• Work order:
Select, from the data, each line where "blast" occurs.

• Excerpted data:
(* For every integer $n\ge2$, $B(n+2)\ge 2B(n)+1$.
   Context: Fix a field $\mathbb{F}$. All algebras are finite-dimensional, unital, not necessarily associative $\mathbb{F}$-algebras. For a finite generating set $S$ of an algebra $\mathcal{A}$, a word in $S$ is any product (with any bracketing) of finitely many elements of $S$; its length is the number of factors, and $1$ is a word of length $0$. $L_i(S)$ is the linear span of all words in $S$ of length at most $i$. The length of $S$ is $l(S)=\min\{k\ge0: L_k(S)=\mathcal{A}\}$, and $l(\mathcal{A})=\max\{l(S): S\text{ a finite generating set of }\mathcal{A}\}$. For a natural number $n\ge2$, $B(n)$ denotes the maximal integer $l>0$ such that for every $j\in\{1,\ldots,l\}$ there exists an algebra of dimension $n$ and length $j$. *)

theory Defs
  imports Main
begin

text \<open>An n-dimensional algebra over the field 'a is modelled (up to isomorphism) on the
 coordinate space F^n, represented as functions nat => 'a vanishing at indices >= n,
 with a bilinear multiplication and a two-sided unit.\<close>

definition vecs :: "nat \<Rightarrow> (nat \<Rightarrow> 'a::field) set" where
  "vecs n = {v. \<forall>i\<ge>n. v i = 0}"

definition lin_span :: "(nat \<Rightarrow> 'a::field) set \<Rightarrow> (nat \<Rightarrow> 'a) set" where
  "lin_span X = {v. \<exists>T c. finite T \<and> T \<subseteq> X \<and> v = (\<lambda>k. \<Sum>t\<in>T. c t * t k)}"

definition is_algebra ::
  "nat \<Rightarrow> ((nat \<Rightarrow> 'a::field) \<Rightarrow> (nat \<Rightarrow> 'a) \<Rightarrow> (nat \<Rightarrow> 'a)) \<Rightarrow> (nat \<Rightarrow> 'a) \<Rightarrow> bool" where
  "is_algebra n m u \<longleftrightarrow>
     u \<in> vecs n \<and>
     (\<forall>x\<in>vecs n. \<forall>y\<in>vecs n. m x y \<in> vecs n) \<and>
     (\<forall>x\<in>vecs n. \<forall>y\<in>vecs n. \<forall>z\<in>vecs n.
        m (\<lambda>k. x k + y k) z = (\<lambda>k. m x z k + m y z k) \<and>
        m z (\<lambda>k. x k + y k) = (\<lambda>k. m z x k + m z y k)) \<and>
     (\<forall>c. \<forall>x\<in>vecs n. \<forall>y\<in>vecs n.
        m (\<lambda>k. c * x k) y = (\<lambda>k. c * m x y k) \<and>
        m x (\<lambda>k. c * y k) = (\<lambda>k. c * m x y k)) \<and>
     (\<forall>x\<in>vecs n. m u x = x \<and> m x u = x)"
lemma card_prodset_upto_le_powr:
  fixes C t :: real and K N :: nat
  assumes bound: "\<And>X. 1 \<le> X \<Longrightarrow> real (count_fn A X) \<le> C * X powr t"
    and "0 \<le> t" and "0 < K" and "1 \<le> N"
  shows "real (card (prodset A \<inter> {1..N})) \<le> K * C\<^sup>2 * real N powr (t * (1 + 1 / K))"
proof -
  define Y where "Y i = real N powr (real (Suc i) / K)" for i
  define Z where "Z i = real N powr (1 - real i / K)" for i
  have "card (prodset A \<inter> {1..N}) \<le>
      card (\<Union>i<K. (\<lambda>(a, b). a * b) ` ((A \<inter> {1..nat \<lfloor>Y i\<rfloor>}) \<times> (A \<inter> {1..nat \<lfloor>Z i\<rfloor>})))"
    using prodset_upto_subset_UN[OF \<open>0 < K\<close> \<open>1 \<le> N\<close>, of A]
    unfolding Y_def Z_def by (intro card_mono) auto
  also have "\<dots> \<le> (\<Sum>i<K. card ((\<lambda>(a, b). a * b) ` ((A \<inter> {1..nat \<lfloor>Y i\<rfloor>}) \<times> (A \<inter> {1..nat \<lfloor>Z i\<rfloor>}))))"
    by (rule card_UN_le) simp
  also have "\<dots> \<le> (\<Sum>i<K. count_fn A (Y i) * count_fn A (Z i))"
    by (intro sum_mono order.trans[OF card_image_le])
      (simp_all add: card_cartesian_product count_fn_eq_card)
  finally have "real (card (prodset A \<inter> {1..N})) \<le> (\<Sum>i<K. real (count_fn A (Y i)) * real (count_fn A (Z i)))"
    by (simp flip: of_nat_mult of_nat_sum)
  also have "\<dots> \<le> (\<Sum>i<K. C\<^sup>2 * real N powr (t * (1 + 1 / K)))"
  proof (rule sum_mono)
    fix i assume "i \<in> {..<K}"
    then have "1 \<le> Y i" "1 \<le> Z i"
      using \<open>1 \<le> N\<close> by (auto simp: Y_def Z_def intro!: ge_one_powr_ge_zero)
    then have "real (count_fn A (Y i)) * real (count_fn A (Z i)) \<le> (C * Y i powr t) * (C * Z i powr t)"
      by (intro mult_mono bound) (auto intro: order.trans[OF _ bound])
    also have "\<dots> = C\<^sup>2 * (Y i powr t * Z i powr t)"
      by (simp add: power2_eq_square)
    also have "Y i powr t * Z i powr t = real N powr (real (Suc i) / K * t + (1 - real i / K) * t)"
      by (simp add: Y_def Z_def powr_powr powr_add)
    also have "real (Suc i) / K * t + (1 - real i / K) * t = t * (1 + 1 / K)"
      using \<open>0 < K\<close> by (simp add: field_simps)
    finally show "real (count_fn A (Y i)) * real (count_fn A (Z i)) \<le> C\<^sup>2 * real N powr (t * (1 + 1 / K))" .
  qed
  finally show ?thesis
    by simp
qed
text \<open>Let \<open>q = m\<^sup>2 + 1\<close> and let \<open>\<phi>(a) = \<Sum>x. Legendre (x (x\<^sup>2 + a)) q\<close> be the Jacobsthal
  sums, so that the curve \<open>y\<^sup>2 = x\<^sup>3 - x\<close> has \<open>q + \<phi>(-1)\<close> affine points. Since \<open>\<phi>(a)\<^sup>2\<close> only
  depends on the quadratic character of \<open>a\<close>, summing \<open>\<phi>(a)\<^sup>2\<close> over all \<open>a\<close> gives Jacobsthal's
  identity \<open>\<phi>(-1)\<^sup>2 + T\<^sup>2 = 4 q\<close>. The maps \<open>x \<mapsto> -x\<close> and \<open>x \<mapsto> 1/x\<close> act freely on the residues
  where the summand of \<open>\<phi>(-1)\<close> is \<open>-1\<close>, which gives \<open>\<phi>(-1) \<equiv> q - 3 (mod 8)\<close>. When \<open>4\<close> divides
  \<open>m\<close>, this makes \<open>\<phi>(-1) = 2 u\<close> with \<open>u \<equiv> -1 (mod 4)\<close>; as the prime \<open>m\<^sup>2 + 1\<close> is a sum of two
  squares only as \<open>1 + m\<^sup>2\<close>, we get \<open>u = -1\<close>, hence \<open>q - 2\<close> affine points.\<close>

lemma four_dvd_card_if_free_klein_action:
  assumes "finite A"
    and "\<forall>x\<in>A. \<sigma> x \<in> A \<and> \<tau> x \<in> A \<and> \<sigma> (\<sigma> x) = x \<and> \<tau> (\<tau> x) = x \<and> \<sigma> (\<tau> x) = \<tau> (\<sigma> x)
                \<and> \<sigma> x \<noteq> x \<and> \<tau> x \<noteq> x \<and> \<sigma> x \<noteq> \<tau> x"
  shows "4 dvd card A"
  using assms
proof (induction A rule: finite_psubset_induct)
  case (psubset A)
  show ?case
  proof (cases "A = {}")
    case False
    then obtain x where x: "x \<in> A" by blast
    define orbit where "orbit = {x, \<sigma> x, \<tau> x, \<sigma> (\<tau> x)}"
    have x_facts: "\<sigma> x \<in> A" "\<tau> x \<in> A" "\<sigma> (\<sigma> x) = x" "\<tau> (\<tau> x) = x" "\<sigma> (\<tau> x) = \<tau> (\<sigma> x)"
      "\<sigma> x \<noteq> x" "\<tau> x \<noteq> x" "\<sigma> x \<noteq> \<tau> x"
      using x psubset.prems by auto
    have "\<sigma> (\<sigma> (\<tau> x)) = \<tau> x" "\<sigma> (\<tau> x) \<noteq> \<tau> x" "\<tau> (\<sigma> (\<tau> x)) = \<sigma> x"
      using x_facts(2) psubset.prems x_facts(4) by metis+
    then have orbit_closed: "\<sigma> ` orbit \<subseteq> orbit" "\<tau> ` orbit \<subseteq> orbit"
      and "card orbit = 4"
      using x_facts unfolding orbit_def by (auto simp: card_insert_if)
    have orbit_sub: "orbit \<subseteq> A" using x x_facts psubset.prems unfolding orbit_def by auto
    have "4 dvd card (A - orbit)"
    proof (rule psubset.IH)
      show "A - orbit \<subset> A" using x unfolding orbit_def by auto
      have "\<sigma> y \<notin> orbit" "\<tau> y \<notin> orbit" if "y \<in> A - orbit" for y
        using that psubset.prems orbit_closed by (metis Diff_iff image_subset_iff)+
      then show "\<forall>y\<in>A - orbit. \<sigma> y \<in> A - orbit \<and> \<tau> y \<in> A - orbit \<and> \<sigma> (\<sigma> y) = y
          \<and> \<tau> (\<tau> y) = y \<and> \<sigma> (\<tau> y) = \<tau> (\<sigma> y) \<and> \<sigma> y \<noteq> y \<and> \<tau> y \<noteq> y \<and> \<sigma> y \<noteq> \<tau> y"
        using psubset.prems by blast
    qed
    moreover have "card A = card (A - orbit) + card orbit"
      using orbit_sub psubset.hyps by (simp add: card_Diff_subset finite_subset card_mono)
    ultimately show ?thesis using \<open>card orbit = 4\<close> by simp
  qed simp
qed

section \<open>Quadratic character modulo an odd prime\<close>

locale odd_prime =
  fixes q :: int
  assumes prime_q: "prime q" and gt_2: "2 < q"
begin

lemma odd_q: "odd q"
  using prime_q gt_2 prime_odd_int by blast

lemma not_dvd_if_in_range: "x \<in> {1..<q} \<Longrightarrow> \<not> q dvd x"
  using zdvd_imp_le[of q x] by auto

lemma eq_0_if_dvd_small: "q dvd d \<Longrightarrow> \<bar>d\<bar> < q \<Longrightarrow> d = 0"
  using dvd_imp_le_int[of d q] gt_2 by fastforce

lemma cong_eq_iff_in_range: "x \<in> {0..<q} \<Longrightarrow> y \<in> {0..<q} \<Longrightarrow> [x = y] (mod q) \<longleftrightarrow> x = y"
  by (simp add: cong_def)

lemma cong_mod_self: "[x mod q = x] (mod q)"
  by (simp add: cong_def)

lemma residues_eq_insert_0: "{0..<q} = insert 0 {1..<q}"
  using gt_2 by auto

lemma Legendre_cong:
  assumes "[a = b] (mod q)"
  shows "Legendre a q = Legendre b q"
proof -
  have "[a = 0] (mod q) \<longleftrightarrow> [b = 0] (mod q)" "QuadRes q a \<longleftrightarrow> QuadRes q b"
    unfolding QuadRes_def using assms cong_sym cong_trans by meson+
  then show ?thesis unfolding Legendre_def by presburger
qed

lemma Legendre_mod: "Legendre (a mod q) q = Legendre a q"
  by (rule Legendre_cong) (simp add: cong_def)

lemma Legendre_eq_0_iff: "Legendre a q = 0 \<longleftrightarrow> q dvd a"
  unfolding Legendre_def cong_0_iff by simp

lemma Legendre_cases: "Legendre a q \<in> {-1, 0, 1}"
  unfolding Legendre_def by simp

lemma Legendre_eq_1_iff: "Legendre a q = 1 \<longleftrightarrow> \<not> q dvd a \<and> QuadRes q a"
  unfolding Legendre_def cong_0_iff by simp

lemma Legendre_euler: "[Legendre a q = a ^ nat ((q - 1) div 2)] (mod q)"
proof -
  have q: "q = int (nat q)" using gt_2 by simp
  have "prime (nat q)" using prime_q q by (metis prime_nat_int_transfer)
  moreover have "2 < nat q" using gt_2 by simp
  ultimately have "[Legendre a (int (nat q)) = a ^ ((nat q - 1) div 2)] (mod int (nat q))"
    by (rule euler_criterion)
  moreover have "(nat q - 1) div 2 = nat ((q - 1) div 2)"
    using gt_2 by (simp add: nat_div_distrib)
  ultimately show ?thesis using q by simp
qed

lemma sign_eq_if_cong:
  assumes "a \<in> {-1, 0, 1}" "b \<in> {-1, 0, 1}" "[a = b] (mod q)"
  shows "a = b"
proof -
  have "q dvd a - b" using assms(3) by (simp add: cong_iff_dvd_diff)
  moreover have "\<bar>a - b\<bar> < q" using assms(1,2) gt_2 by fastforce
  ultimately show ?thesis using eq_0_if_dvd_small[of "a - b"] by simp
qed

lemma Legendre_mult: "Legendre (a * b) q = Legendre a q * Legendre b q"
proof (rule sign_eq_if_cong)
  show "Legendre (a * b) q \<in> {-1, 0, 1}" "Legendre a q * Legendre b q \<in> {-1, 0, 1}"
    using Legendre_cases[of a] Legendre_cases[of b] Legendre_cases[of "a * b"] by auto
  have "[Legendre (a * b) q = (a * b) ^ nat ((q - 1) div 2)] (mod q)"
    by (rule Legendre_euler)
  moreover have "[Legendre a q * Legendre b q = a ^ nat ((q - 1) div 2) * b ^ nat ((q - 1) div 2)] (mod q)"
    by (intro cong_mult Legendre_euler)
  ultimately show "[Legendre (a * b) q = Legendre a q * Legendre b q] (mod q)"
    by (metis cong_sym cong_trans power_mult_distrib)
qed

lemma Legendre_square_eq: "Legendre a q ^ 2 = (if q dvd a then 0 else 1)"
  using Legendre_cases[of a] Legendre_eq_0_iff[of a] by auto

lemma Legendre_square: "\<not> q dvd t \<Longrightarrow> Legendre (t ^ 2) q = 1"
  using Legendre_square_eq[of t] by (simp add: power2_eq_square Legendre_mult)

lemma Legendre_cube: "Legendre (x ^ 3) q = Legendre x q"
  using Legendre_cases[of x] by (auto simp: power3_eq_cube Legendre_mult)

lemma sum_residues_affine_reindex:
  assumes "\<not> q dvd s" and periodic: "\<And>x. F (x mod q) = F x"
  shows "(\<Sum>x\<in>{0..<q}. F (s * x + d)) = (\<Sum>x\<in>{0..<q}. F x)"
proof -
  let ?g = "\<lambda>x. (s * x + d) mod q"
  have "coprime s q"
    using assms(1) prime_q by (metis prime_imp_coprime coprime_commute)
  have inj: "inj_on ?g {0..<q}"
  proof (rule inj_onI)
    fix x y assume "x \<in> {0..<q}" "y \<in> {0..<q}" "?g x = ?g y"
    moreover from \<open>?g x = ?g y\<close> have "[s * x = s * y] (mod q)"
      by (simp add: cong_def[symmetric] cong_add_rcancel)
    ultimately show "x = y"
      using \<open>coprime s q\<close> cong_mult_lcancel cong_eq_iff_in_range by blast
  qed
  have "?g ` {0..<q} = {0..<q}"
    by (rule endo_inj_surj) (use inj gt_2 in auto)
  then have "(\<Sum>x\<in>{0..<q}. F x) = (\<Sum>x\<in>{0..<q}. F (?g x))"
    using sum.reindex[OF inj, of F] by (simp add: o_def)
  then show ?thesis using periodic by simp
qed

• Answer box:
    then obtain x where x: "x \<in> A" by blast
        using psubset.prems by blast
  using prime_q gt_2 prime_odd_int by blast
      using \<open>coprime s q\<close> cong_mult_lcancel cong_eq_iff_in_range by blast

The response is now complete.